Keep to one stretch of the data below, the lines from the one with "define t where" up to and including the one with "define s where", and return that stretch exactly.
= = = = = = =
lemma grid_span_le:
  assumes "real n = t^4" "4 \<le> t" "2 * real s - 2 \<le> t" "t / 2 < real s"
  shows "(grid_x_span s n)\<^sup>2 + (grid_y_span s n)\<^sup>2 \<le> 16 * real n"
proof -
  define x where "x = real s"
  have "0 < x"
    using assms x_def by simp
  have "x\<^sup>2 \<le> t\<^sup>2"
    using assms \<open>0 < x\<close> unfolding x_def by (intro power_mono) auto
  have "(t/2)\<^sup>2 < x\<^sup>2"
    using assms(2,4) unfolding x_def by (intro power_strict_mono) auto
  then have "t\<^sup>2 / 4 < x\<^sup>2"
    by (simp add: power_divide)
  have "real (min (n - 1) (2 * s\<^sup>2)) \<le> real (2 * s\<^sup>2)"
    by (simp only: of_nat_le_iff min.cobounded2)
  then have dx: "grid_x_span s n \<le> 2 * x\<^sup>2" "0 \<le> grid_x_span s n"
    by (auto simp: grid_x_span_def x_def)
  have "(grid_x_span s n)\<^sup>2 \<le> (2 * x\<^sup>2)\<^sup>2"
    using dx by (intro power_mono) auto
  also have "\<dots> \<le> (2 * t\<^sup>2)\<^sup>2"
    using \<open>x\<^sup>2 \<le> t\<^sup>2\<close> \<open>0 < x\<close> by (intro power_mono) auto
  finally have dx2: "(grid_x_span s n)\<^sup>2 \<le> 4 * t^4"
    by (simp add: power_mult_distrib power2_eq_square power4_eq_xxxx)
  have "real ((n - 1) div grid_width s) \<le> real (n - 1) / real (grid_width s)"
    by (rule of_nat_div_le_of_nat)
  also have "\<dots> \<le> real n / (2 * x\<^sup>2)"
    using \<open>0 < x\<close> by (intro frac_le) (auto simp: grid_width_def x_def)
  also have "\<dots> \<le> t^4 / (2 * (t\<^sup>2 / 4))"
    unfolding assms(1) using \<open>t\<^sup>2 / 4 < x\<^sup>2\<close> assms(2) \<open>0 < x\<close>
    by (intro divide_left_mono mult_left_mono) auto
  also have "\<dots> = 2 * t\<^sup>2"
    using assms(2) by (simp add: field_simps power2_eq_square power4_eq_xxxx)
  finally have "real ((n - 1) div grid_width s) \<le> 2 * t\<^sup>2" .
  then have dy: "grid_y_span s n \<le> 9/4 * t\<^sup>2" "0 \<le> grid_y_span s n"
    using \<open>x\<^sup>2 \<le> t\<^sup>2\<close> by (auto simp: grid_y_span_def x_def)
  have "(grid_y_span s n)\<^sup>2 \<le> (9/4 * t\<^sup>2)\<^sup>2"
    using dy by (intro power_mono) auto
  then have "(grid_y_span s n)\<^sup>2 \<le> 81/16 * t^4"
    by (simp add: power_mult_distrib power2_eq_square power4_eq_xxxx)
  with dx2 show ?thesis
    using assms(1,2) by simp
qed

lemma grid_arc_bound_3:
  assumes "real n = t^4" "4 \<le> t"
  shows "t^3 \<le> grid_arc_bound 3 n"
proof -
  have "4^4 \<le> t^4"
    using assms by (intro power_mono) auto
  then have "grid_arc_bound 3 n = 107/100 * 19 - 13/61 * 19 + 13/61 * t^4"
    using assms(1) by (simp add: grid_arc_bound_def grid_width_def row_arc_bound_def field_simps)
  moreover have "t^3 - 13/61 * t^4 \<le> 33489/2197"
  proof (cases "61/13 \<le> t")
    case True
    have "t^3 * 1 \<le> t^3 * (13/61 * t)"
      using True assms by (intro mult_left_mono) auto
    then show ?thesis
      by (simp add: power3_eq_cube power4_eq_xxxx algebra_simps)
  next
    case False
    have "t^3 \<le> (61/13)^3"
      using False assms by (intro power_mono) auto
    then have "t^3 * (1 - 13/61 * t) \<le> (61/13)^3 * (9/61)"
      using False assms by (intro mult_mono) auto
    then show ?thesis
      by (simp add: power3_eq_cube power4_eq_xxxx algebra_simps)
  qed
  ultimately show ?thesis
    by simp
qed

lemma grid_arc_bound_large:
  assumes "real n = t^4" "1 \<le> t" "4 \<le> s" "2 * real s - 2 \<le> t"
  shows "t^3 \<le> grid_arc_bound s n"
proof (cases "n \<le> grid_width s")
  case True
  then show ?thesis
    using grid_arc_bound_single_row assms by blast
next
  case False
  define x where "x = real s"
  have "4 \<le> x"
    using assms by (simp add: x_def)
  have "0 < 5 * x\<^sup>2 + 4 * x + 4"
    using \<open>4 \<le> x\<close> by (simp add: add_pos_pos)
  have c: "row_arc_bound s = (4 * x + 1) / (5 * x\<^sup>2 + 4 * x + 4)"
    by (simp add: row_arc_bound_def x_def)
  have "0 \<le> row_arc_bound s" "row_arc_bound s \<le> 1"
    unfolding c using \<open>4 \<le> x\<close> \<open>0 < 5 * x\<^sup>2 + 4 * x + 4\<close>
    by (simp_all add: divide_le_eq_1 power2_eq_square)
  have "4 * x \<le> x * x"
    using \<open>4 \<le> x\<close> by (intro mult_right_mono) auto
  moreover have "(4 * x + 1) * (2 * x - 2) - (5 * x\<^sup>2 + 4 * x + 4) = 3 * (x * x) - 10 * x - 6"
    by (simp add: power2_eq_square algebra_simps)
  ultimately have "5 * x\<^sup>2 + 4 * x + 4 \<le> (4 * x + 1) * (2 * x - 2)"
    using \<open>4 \<le> x\<close> by linarith
  then have "1 \<le> row_arc_bound s * (2 * x - 2)"
    unfolding c using \<open>0 < 5 * x\<^sup>2 + 4 * x + 4\<close> by (simp add: field_simps)
  also have "\<dots> \<le> row_arc_bound s * t"
    using assms \<open>0 \<le> row_arc_bound s\<close> by (intro mult_left_mono) (auto simp: x_def)
  finally have "t^3 * 1 \<le> t^3 * (row_arc_bound s * t)"
    using assms by (intro mult_left_mono) auto
  then have "t^3 \<le> row_arc_bound s * real n"
    using assms(1) by (simp add: power3_eq_cube power4_eq_xxxx algebra_simps)
  moreover have "row_arc_bound s * real (grid_width s) \<le> 107/100 * real (grid_width s)"
    using \<open>row_arc_bound s \<le> 1\<close> by (intro mult_right_mono) auto
  ultimately show ?thesis
    using False by (simp add: grid_arc_bound_def algebra_simps)
qed

lemma exists_grid_size:
  assumes "n \<ge> 1"
  obtains s where "s \<ge> 1"
    and "2 \<le> n \<Longrightarrow> (grid_x_span s n)\<^sup>2 + (grid_y_span s n)\<^sup>2 \<le> 16 * real n"
    and "real n powr (3/4) \<le> grid_arc_bound s n"
proof -
  define t where "t = real n powr (1/4)"
  have "0 < real n"
    using assms by simp
  then have t4: "real n = t^4" and t3: "real n powr (3/4) = t^3"
    unfolding t_def using powr_power[of "real n" "1/4" 4] powr_power[of "real n" "1/4" 3] by simp_all
  have t1: "1 \<le> t"
    unfolding t_def using assms by (intro ge_one_powr_ge_zero) auto
  define s where "s = max 2 (nat \<lfloor>t/2\<rfloor> + 1)"
  have floor_s: "real (nat \<lfloor>t/2\<rfloor> + 1) = of_int \<lfloor>t/2\<rfloor> + 1"
    using t1 by simp
  have "t/2 < of_int \<lfloor>t/2\<rfloor> + 1"
    by linarith
  also have "\<dots> \<le> real s"
    unfolding s_def using floor_s by (metis max.cobounded2 of_nat_le_iff)
  finally have "t/2 < real s" .
  consider "s = 2" "t < 4" | "s \<ge> 3" "4 \<le> t" "2 * real s - 2 \<le> t"
  proof (cases "nat \<lfloor>t/2\<rfloor> + 1 \<le> 2")
    case True
    then have "\<lfloor>t/2\<rfloor> \<le> 1"
      by linarith
    then have "t < 4"
      by linarith
    with True show thesis
      using that(1) by (simp add: s_def)
  next
    case False
    then have "s = nat \<lfloor>t/2\<rfloor> + 1" "s \<ge> 3"
      by (simp_all add: s_def)
    then have "2 * real s - 2 \<le> t"
      using floor_s by linarith
    with \<open>s \<ge> 3\<close> show thesis
      using that(2) by simp
  qed
  then have "(2 \<le> n \<longrightarrow> (grid_x_span s n)\<^sup>2 + (grid_y_span s n)\<^sup>2 \<le> 16 * real n) \<and> t^3 \<le> grid_arc_bound s n"
  proof cases
    case 1
    then show ?thesis
      using t1 grid_span_2[OF t4] grid_arc_bound_2[OF t4 t1] by simp
  next
    case 2
    moreover have "t^3 \<le> grid_arc_bound s n"
      using 2 grid_arc_bound_3[OF t4] grid_arc_bound_large[OF t4 t1]
      by (cases "s = 3") simp_all
    ultimately show ?thesis
      using grid_span_le[OF t4 _ _ \<open>t/2 < real s\<close>] by simp
  qed
  then show ?thesis
    using that[of s] t3 by (simp add: s_def)
qed

theorem theorem3:
  fixes n :: nat
  assumes "n \<ge> 1"
  shows "\<exists>P f. dense 4 n P \<and> stacking_order P f \<and>
           (\<exists>L. ((\<lambda>\<epsilon>. vis (scale_set \<epsilon> P) (scale_order \<epsilon> f)) \<longlongrightarrow> L) (at_right 0)
                \<and> L \<ge> real n powr (3/4))"
proof -
  obtain s where s: "s \<ge> 1"
    and span: "2 \<le> n \<Longrightarrow> (grid_x_span s n)\<^sup>2 + (grid_y_span s n)\<^sup>2 \<le> 16 * real n"
    and bound: "real n powr (3/4) \<le> grid_arc_bound s n"
    using exists_grid_size[OF assms] by blast
  obtain L where lim: "((\<lambda>e. vis (scale_set e (grid_points s n)) (scale_order e (grid_order s n))) \<longlongrightarrow> L) (at_right 0)"
    and "(\<Sum>k<n. arc_end s k - arc_start s k) \<le> L"
    using grid_vis_tendsto[OF s] by blast
  then have "real n powr (3/4) \<le> L"
    using bound grid_arc_bound_le_sum[OF s, of n] by linarith
  with lim show ?thesis
    using dense_grid_points[OF s span] stacking_order_grid[of s n] by (intro exI conjI)
qed

end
= = = = = = =
EXERCISE RESPONSE:
  define t where "t = real n powr (1/4)"
  have "0 < real n"
    using assms by simp
  then have t4: "real n = t^4" and t3: "real n powr (3/4) = t^3"
    unfolding t_def using powr_power[of "real n" "1/4" 4] powr_power[of "real n" "1/4" 3] by simp_all
  have t1: "1 \<le> t"
    unfolding t_def using assms by (intro ge_one_powr_ge_zero) auto
  define s where "s = max 2 (nat \<lfloor>t/2\<rfloor> + 1)"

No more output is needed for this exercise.